Yimi Garcia, who was recently placed on the Injured List with back issues, and David Phelps pitched very well in April and May. Garcia continued to pitch well thus far in June, but Phelps has slipped to below-median in terms of xwOBA. Garcia’s performance to date does not suggest that fatigue has negatively affected his production. In the case of Phelps, I think his June underperformance is partially linked to the fact that four of his nine June appearances called upon him to pitch more than one inning.


Tim Mayza missed twenty-eight games after his May 14 appearance with left forearm inflammation. Perhaps his injury was tied to the number of multiple-inning outings (two) in April, perhaps not.


Table 6 shows the 2022 and 2021 workload data for Adam Cimber and Trevor Richards. For comparison purposes, I used the last three months of the 2021 campaign because that period covers the two reliever’s tenure with the Blue Jays.

Cimber’s 2022 workload is similar to his 2021 tenure with the Blue Jays. I don’t think one can definitively state that Cimber’s steady rise in xwOBA indicates fatigue resulting from excessive workload. It may just be the variance inherent in the performance of most relievers, not to mention small sample sizes.


Richards’s usage in April and May of this season is very similar to that of July and August of 2021. In 2021, September was the month that Richards’s xwOBA was below-median. However, note that Richards’s wOBA and xwOBA have lagged the median every month of the 2022 season. The argument that Richards’s underperformance in 2022 is strongly connected to excessive workload may be overstated, given that he has performed at a below-median level all season.



I think Toronto’s bullpen was not used excessively in April or May. The Blue Jays starters had outings of sufficient length such that Toronto’s bullpen had the fifth-fewest innings pitched during the April-May period. Furthermore, an examination of the usage at the reliever level indicates that use was not excessive. June is turning out to be a different story. Because many starters, particularly Kikuchi, have had numerous short outings in June, the workload placed upon Toronto’s bullpen has increased and likely affected performance.

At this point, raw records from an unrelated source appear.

lemma AE_markov_symbol: "AE \<omega> in lam. \<omega> n \<in> {1..M}"
proof -
  have point_sets: "{\<omega>. \<omega> n = i} \<in> sets lam" for i
    by (rule finitely_determined_in_sets_markov[of "{n}"]) auto
  have point_measure: "measure lam {\<omega>. \<omega> n = i} = p i" if "i \<in> {1..M}" for i
    using measure_markov_cylinder[of 0 "\<lambda>_. i" n] that by (simp add: cylinder_def)
  have "measure lam {\<omega>. \<omega> n \<in> {1..M}} = measure lam (\<Union>i\<in>{1..M}. {\<omega>. \<omega> n = i})"
    by (rule arg_cong[where f = "measure lam"]) auto
  also have "\<dots> = (\<Sum>i\<in>{1..M}. measure lam {\<omega>. \<omega> n = i})"
    using point_sets emeasure_markov
    by (intro measure_finite_Union) (auto simp: disjoint_family_on_def)
  also have "\<dots> = 1"
    using point_measure markov by (simp add: markov_measure_def)
  finally have "AE \<omega> in lam. \<omega> \<in> {\<omega>. \<omega> n \<in> {1..M}}"
    by (rule prob_space.AE_prob_1[OF prob_space_markov])
  then show ?thesis
    by simp
qed

lemma AE_markov_admissible: "AE \<omega> in lam. (\<forall>n. \<omega> n \<in> {1..M}) \<and> (\<forall>n. Adm (\<omega> n) (\<omega> (n + 1)))"
proof -
  have inadmissible_null: "{\<omega>. \<omega> n = i \<and> \<omega> (n + 1) = j} \<in> null_sets lam"
    if "i \<in> {1..M}" "j \<in> {1..M}" "\<not> Adm i j" for n i j
  proof -
    let ?a = "\<lambda>l::nat. if l = 0 then i else j"
    have "{\<omega>. \<omega> n = i \<and> \<omega> (n + 1) = j} = cylinder n 1 ?a"
      by (auto simp: cylinder_def le_Suc_eq)
    moreover have "measure lam (cylinder n 1 ?a) = p i * P i j"
      using measure_markov_cylinder[of 1 ?a n] that by simp
    moreover have "P i j = 0"
      using markov that unfolding markov_measure_def by blast
    moreover have "{\<omega>. \<omega> n = i \<and> \<omega> (n + 1) = j} \<in> sets lam"
      by (rule finitely_determined_in_sets_markov[of "{n, n + 1}"]) auto
    ultimately show ?thesis
      by (simp add: null_sets_def emeasure_markov)
  qed
  have "AE \<omega> in lam. \<forall>i\<in>{1..M}. \<forall>j\<in>{1..M}. \<not> Adm i j \<longrightarrow> \<not> (\<omega> n = i \<and> \<omega> (n + 1) = j)"
    for n
  proof (intro AE_finite_allI finite_atLeastAtMost AE_impI)
    fix i j
    assume "i \<in> {1..M}" "j \<in> {1..M}" "\<not> Adm i j"
    from AE_not_in[OF inadmissible_null[OF this, of n]]
    show "AE \<omega> in lam. \<not> (\<omega> n = i \<and> \<omega> (n + 1) = j)"
      by simp
  qed
  then have "AE \<omega> in lam. \<forall>n. \<forall>i\<in>{1..M}. \<forall>j\<in>{1..M}. \<not> Adm i j \<longrightarrow> \<not> (\<omega> n = i \<and> \<omega> (n + 1) = j)"
    by (simp only: AE_all_countable) blast
  moreover have "AE \<omega> in lam. \<forall>n. \<omega> n \<in> {1..M}"
    by (simp only: AE_all_countable) (blast intro: AE_markov_symbol)
  ultimately show ?thesis
    by eventually_elim blast
qed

However, it is essential to acknowledge that the Blue Jays’ bullpen has not performed well so far during the 2022 season. Table 7 compares Toronto’s bullpen to New York’s and Houston’s, two of the better American League reliever corps. I have broken the respective bullpens into two segments: the relievers who have faced the six-most batters and the remaining bullpen arms.

The data reveals two essential facts. First, Toronto’s six-most frequently used relievers have produced an xwOBA mark that is median, which is better than Houston’s but trails the Yankees. Second, the remaining arms in the Blue Jays’ bullpen have been fourth quartile in both wOBA and xwOBA. Contrast that with the remaining arms in the bullpens of the Yankees and the Astros: better than median-level performance in wOBA and xwOBA.


The data from Table 7, and the recent spate of short outings from the starters, lead to the same conclusion. Toronto needs to improve the quality and depth of the bullpen. This is not news to any MLB observers. The bullpen’s performance may improve through better pitching from the incumbents, but additions from within or from another organization are required. The sooner, the better.


The Last Word

Until June, Toronto’s bullpen has not been tasked with too heavy a workload at the team or player level. Therefore, excess usage does not explain why the bullpen has produced at a below-median level. Some of the poor performance may be due to the ebbs and flows of an MLB season and the inherent variability of reliever performance. Hence, regression may contribute to better performance in the future. However, I think management should also address the bullpen’s quality and depth issues by adding new members to the reliever corps. Concerning the reliever trade market, Joe Cocker said it best. It’s High Time We Went.